Two interacting particles in a random potential: mapping onto one parameter localization theories without interaction

TL;DR

This paper demonstrates that two interacting particles in a random potential can be effectively described using noninteracting particle theories, revealing a single scaling variable and deriving a supersymmetric sigma model to analyze their localization and conductance properties.

Contribution

The paper introduces a mapping of two interacting particle models onto noninteracting particle frameworks, deriving a supersymmetric sigma model and extending the analysis to multiple particles.

Findings

Both models are governed by a single scaling variable, the pair conductance g_2.

The supersymmetric sigma model describes diffusive motion of particle pairs beyond the one-particle localization length.
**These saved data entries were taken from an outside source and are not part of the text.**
lemma iter_env_step_le:
  "(\<Sum>i\<in>UNIV. env (iter_x \<xi> (Suc t) \<omega> i))
     \<le> (\<Sum>i\<in>UNIV. env (iter_x \<xi> t \<omega> i)) + (4 / lam) * perp_sq (iter_x \<xi> t \<omega>)
       + (4 * \<eta>^2 / lam) * perp_sq (iter_y \<xi> (Suc t) \<omega>)
       - (\<eta> / (4 * lam^2)) * (\<Sum>i\<in>UNIV. norm (prox_phi (iter_x \<xi> t \<omega> i) - iter_x \<xi> t \<omega> i)^2)
       + noise_coeff (iter_x \<xi> t \<omega>) \<bullet> ((1 / real CARD('n)) *\<^sub>R
           (\<Sum>i\<in>UNIV. G i (iter_x \<xi> t \<omega> i) (\<xi> t i \<omega>) - gf i (iter_x \<xi> t \<omega> i)))
       + (real CARD('n) * \<eta>^2 / lam) * norm ((1 / real CARD('n)) *\<^sub>R
           (\<Sum>i\<in>UNIV. G i (iter_x \<xi> t \<omega> i) (\<xi> t i \<omega>) - gf i (iter_x \<xi> t \<omega> i)))^2"
proof -
  have "(\<Sum>i\<in>UNIV. iter_y \<xi> (Suc t) \<omega> i) = (\<Sum>i\<in>UNIV. G i (iter_x \<xi> t \<omega> i) (\<xi> t i \<omega>))"
    using sum_iter_y[of \<xi> "Suc t" \<omega>] by (simp add: iter_g_Suc)
  then show ?thesis unfolding iter_x_Suc[of \<xi> t \<omega>]
    by (rule env_step_le[OF W_nonneg W_rows W_cols iter_x_in_edom])
qed

lemma iter_measurable:
  assumes \<xi>: "\<And>s j. s < t \<Longrightarrow> \<xi> s j \<in> N \<rightarrow>\<^sub>M S"
    and G_meas: "\<And>i. (\<lambda>(x, s). G i x s) \<in> borel_measurable (borel \<Otimes>\<^sub>M S)"
  shows "(\<lambda>\<omega>. iter_x \<xi> t \<omega> i) \<in> borel_measurable N \<and> (\<lambda>\<omega>. iter_y \<xi> t \<omega> i) \<in> borel_measurable N
       \<and> (\<lambda>\<omega>. iter_g \<xi> t \<omega> i) \<in> borel_measurable N"
  using \<xi>
proof (induction t arbitrary: i)
  case 0
  then show ?case by (simp add: iter_0)
next
  case (Suc t)
  have IH: "(\<lambda>\<omega>. iter_x \<xi> t \<omega> j) \<in> borel_measurable N" "(\<lambda>\<omega>. iter_y \<xi> t \<omega> j) \<in> borel_measurable N"
     "(\<lambda>\<omega>. iter_g \<xi> t \<omega> j) \<in> borel_measurable N" for j using Suc by auto
  have g: "(\<lambda>\<omega>. G j (iter_x \<xi> t \<omega> j) (\<xi> t j \<omega>)) \<in> borel_measurable N" for j
  proof -
    have "(\<lambda>\<omega>. (iter_x \<xi> t \<omega> j, \<xi> t j \<omega>)) \<in> N \<rightarrow>\<^sub>M borel \<Otimes>\<^sub>M S"
      using IH(1)[of j] Suc.prems[of t j] by (intro measurable_Pair) auto
    from measurable_compose[OF this G_meas[of j]] show ?thesis by simp
  qed
  have y: "(\<lambda>\<omega>. iter_y \<xi> (Suc t) \<omega> j) \<in> borel_measurable N" for j
    unfolding iter_y_Suc using IH g by measurable
  have "(\<lambda>\<omega>. prox_r (iter_x \<xi> t \<omega> j - \<eta> *\<^sub>R iter_y \<xi> (Suc t) \<omega> j)) \<in> borel_measurable N" for j
    using measurable_compose[OF _ borel_measurable_continuous_onI[OF prox_r_continuous]] IH(1) y by measurable
  then have "(\<lambda>\<omega>. iter_x \<xi> (Suc t) \<omega> i) \<in> borel_measurable N"
    unfolding iter_x_Suc by measurable
  then show ?case using y g by (simp add: iter_g_Suc)
qed

end

locale dprox_stochastic = dprox_algorithm r f gf \<phi> L \<eta> lam W G x0
  for r :: "'a::euclidean_space \<Rightarrow> ereal" and f :: "'n::finite \<Rightarrow> 'a \<Rightarrow> real"
    and gf \<phi> L \<eta> lam W and G :: "'n \<Rightarrow> 'a \<Rightarrow> 'b \<Rightarrow> 'a" and x0 +
  fixes M :: "'w measure" and S :: "'b measure" and Dd :: "'n \<Rightarrow> 'b measure"
    and xi :: "nat \<Rightarrow> 'n \<Rightarrow> 'w \<Rightarrow> 'b" and \<sigma> :: real
  assumes M_prob: "prob_space M"
    and xi_distr: "\<And>t i. distr M S (xi t i) = Dd i"
    and xi_indep: "prob_space.indep_vars M (\<lambda>_. S) (\<lambda>(t, i). xi t i) UNIV"
    and G_meas: "\<And>i. (\<lambda>(x, s). G i x s) \<in> borel_measurable (borel \<Otimes>\<^sub>M S)"
    and G_unbiased: "\<And>i x. x \<in> edom r \<Longrightarrow> has_bochner_integral (Dd i) (G i x) (gf i x)"
    and G_var: "\<And>i x. x \<in> edom r \<Longrightarrow> (\<integral>\<^sup>+ s. ennreal (norm (G i x s - gf i x)^2) \<partial>(Dd i)) \<le> ennreal (\<sigma>^2)"
begin

interpretation M: prob_space M by (rule M_prob)

lemma xi_measurable: "xi t i \<in> M \<rightarrow>\<^sub>M S"
  using xi_indep unfolding M.indep_vars_def by auto

lemma Dd_prob: "prob_space (Dd i)"
  using M.prob_space_distr[OF xi_measurable[of 0 i]] xi_distr[of 0 i] by simp

lemma sets_Dd: "sets (Dd i) = sets S"
  using xi_distr[of 0 i] by (metis sets_distr)

text \<open>No measurability of the gradients \<open>gf i\<close> is assumed; it follows from unbiasedness,
  which writes \<open>gf i\<close> as a parametric integral of the measurable \<open>G i\<close>.\<close>
lemma gf_measurable:
  assumes Y: "Y \<in> borel_measurable N" and YD: "\<And>\<omega>. \<omega> \<in> space N \<Longrightarrow> Y \<omega> \<in> edom r"
  shows "(\<lambda>\<omega>. gf i (Y \<omega>)) \<in> borel_measurable N"
proof -
  have E: "N \<Otimes>\<^sub>M Dd i \<rightarrow>\<^sub>M borel \<Otimes>\<^sub>M S = N \<Otimes>\<^sub>M S \<rightarrow>\<^sub>M borel \<Otimes>\<^sub>M S"
    by (rule measurable_cong_sets) (auto intro: sets_pair_measure_cong simp: sets_Dd)
  have "(\<lambda>p. (Y (fst p), snd p)) \<in> N \<Otimes>\<^sub>M S \<rightarrow>\<^sub>M borel \<Otimes>\<^sub>M S" using Y by measurable
  then have "(\<lambda>p. (Y (fst p), snd p)) \<in> N \<Otimes>\<^sub>M Dd i \<rightarrow>\<^sub>M borel \<Otimes>\<^sub>M S" by (subst E)
  from measurable_compose[OF this G_meas[of i]]
  have "(\<lambda>(\<omega>, s). G i (Y \<omega>) s) \<in> borel_measurable (N \<Otimes>\<^sub>M Dd i)" by (simp add: case_prod_beta)
  from sigma_finite_measure.borel_measurable_lebesgue_integral[OF prob_space_imp_sigma_finite[OF Dd_prob] this]
  have "(\<lambda>\<omega>. \<integral>s. G i (Y \<omega>) s \<partial>Dd i) \<in> borel_measurable N" .
  moreover have "(\<integral>s. G i (Y \<omega>) s \<partial>Dd i) = gf i (Y \<omega>)" if "\<omega> \<in> space N" for \<omega>
    using G_unbiased[OF YD[OF that]] by (simp add: has_bochner_integral_integral_eq)
  ultimately show ?thesis by (simp cong: measurable_cong)
qed

text \<open>Sample vectors: the restriction of the whole sample path to an index set \<open>K\<close>;
  \<open>iter_x sample_coord t\<close> runs the algorithm on such a vector.\<close>
definition "past (t::nat) = {(s, j::'n). s < t}"
definition "samples K \<omega> = (\<lambda>p\<in>K. xi (fst p) (snd p) \<omega>)"
definition "sample_coord s j u = u (s, j)"
abbreviation "Samples K \<equiv> Pi\<^sub>M K (\<lambda>_. S)"

lemma samples_measurable: "samples K \<in> M \<rightarrow>\<^sub>M Samples K"
  unfolding samples_def by (rule measurable_restrict) (simp add: xi_measurable)

lemma sample_coord_measurable: "(s, j) \<in> K \<Longrightarrow> sample_coord s j \<in> Samples K \<rightarrow>\<^sub>M S"
  unfolding sample_coord_def by (rule measurable_component_singleton)

lemma samples_apply: "p \<in> K \<Longrightarrow> samples K \<omega> p = xi (fst p) (snd p) \<omega>"
  unfolding samples_def by simp

lemma iter_samples:
  assumes "past t \<subseteq> K"
  shows "iter_x sample_coord t (samples K \<omega>) = iter_x xi t \<omega>"
    and "iter_y sample_coord t (samples K \<omega>) = iter_y xi t \<omega>"
    and "iter_g sample_coord t (samples K \<omega>) = iter_g xi t \<omega>"
proof -
  have "dprox_state W G r \<eta> x0 sample_coord t (samples K \<omega>) = dprox_state W G r \<eta> x0 xi t \<omega>"
  proof (rule dprox_state_cong)
    fix s j assume "s < t"
    then have "(s, j) \<in> K" using assms unfolding past_def by auto
    then show "sample_coord s j (samples K \<omega>) = xi s j \<omega>" by (simp add: sample_coord_def samples_apply)
  qed
  then show "iter_x sample_coord t (samples K \<omega>) = iter_x xi t \<omega>"
    and "iter_y sample_coord t (samples K \<omega>) = iter_y xi t \<omega>"
    and "iter_g sample_coord t (samples K \<omega>) = iter_g xi t \<omega>"
    unfolding iter_x_def iter_y_def iter_g_def by simp_all
qed

lemma iter_x_measurable_samples:
  assumes "past t \<subseteq> K"
  shows "(\<lambda>u. iter_x sample_coord t u i) \<in> borel_measurable (Samples K)"
proof -
  have "sample_coord s j \<in> Samples K \<rightarrow>\<^sub>M S" if "s < t" for s j
    using assms that by (intro sample_coord_measurable) (auto simp: past_def)
  from iter_measurable[where \<xi> = sample_coord and N = "Samples K", OF this G_meas] show ?thesis by blast
qed

lemma iter_measurable_M:
  "(\<lambda>\<omega>. iter_x xi t \<omega> i) \<in> borel_measurable M" "(\<lambda>\<omega>. iter_y xi t \<omega> i) \<in> borel_measurable M"
  using iter_measurable[OF xi_measurable G_meas] by auto

lemma indep_samples:
  "(t, k) \<notin> K \<Longrightarrow> M.indep_var (Samples K) (samples K) (Samples {(t, k)}) (samples {(t, k)})"
  using M.indep_var_restrict[OF xi_indep, of K "{(t, k)}"] unfolding samples_def by (auto simp: case_prod_beta)

lemma single_sample_integral:
  fixes H :: "'b \<Rightarrow> 'a"
  assumes H: "H \<in> borel_measurable S" and HI: "has_bochner_integral (Dd k) H x"
  shows "has_bochner_integral (distr M (Samples {(t, k)}) (samples {(t, k)})) (\<lambda>v. H (v (t, k))) x"
proof -
  have m: "(\<lambda>v. H (v (t, k))) \<in> borel_measurable (Samples {(t, k)})"
    using measurable_compose[OF measurable_component_singleton[of "(t, k)" "{(t, k)}" "\<lambda>_. S"] H] by simp
  have "integrable (distr M S (xi t k)) H" "integral\<^sup>L (distr M S (xi t k)) H = x"
    using HI xi_distr[of t k] by (auto simp: has_bochner_integral_iff)
  then have "integrable M (\<lambda>\<omega>. H (xi t k \<omega>))" "(\<integral>\<omega>. H (xi t k \<omega>) \<partial>M) = x"
    using integrable_distr_eq[OF xi_measurable H] integral_distr[OF xi_measurable H] by auto
  then have "has_bochner_integral M (\<lambda>\<omega>. H (samples {(t, k)} \<omega> (t, k))) x"
    by (simp add: samples_apply has_bochner_integral_iff)
  then show ?thesis by (rule has_bochner_integral_distr[OF m samples_measurable])
qed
The M-particle localization length scales as the Mth power of the one-particle localization length.

Abstract

We consider two models for a pair of interacting particles in a random potential: (i) two particles with a Hubbard interaction in arbitrary dimensions and (ii) a strongly bound pair in one dimension. Establishing suitable correpondences we demonstrate that both cases can be described in terms familiar from theories of noninteracting particles. In particular, these two cases are shown to be controlled by a single scaling variable, namely the pair conductance $g_2$. For an attractive or repulsive Hubbard interaction and starting from a certain effective Hamiltonian we derive a supersymmetric nonlinear $\sigma$ model. Its action turns out to be closely related to the one found by Efetov for noninteracting electrons in disordered metals. This enables us to describe the diffusive motion of the particle pair on scales exceeding the one-particle localization length $L_1$ and to discuss the corresponding level statistics. For tightly bound pairs in one dimension, on the other hand, we follow early work by Dorokhov and exploit the analogy with the transfer matrix approach to quasi 1d conductors. Extending our study to M particles we obtain a M-particle localization length scaling like the Mth power of the one-particle localization length.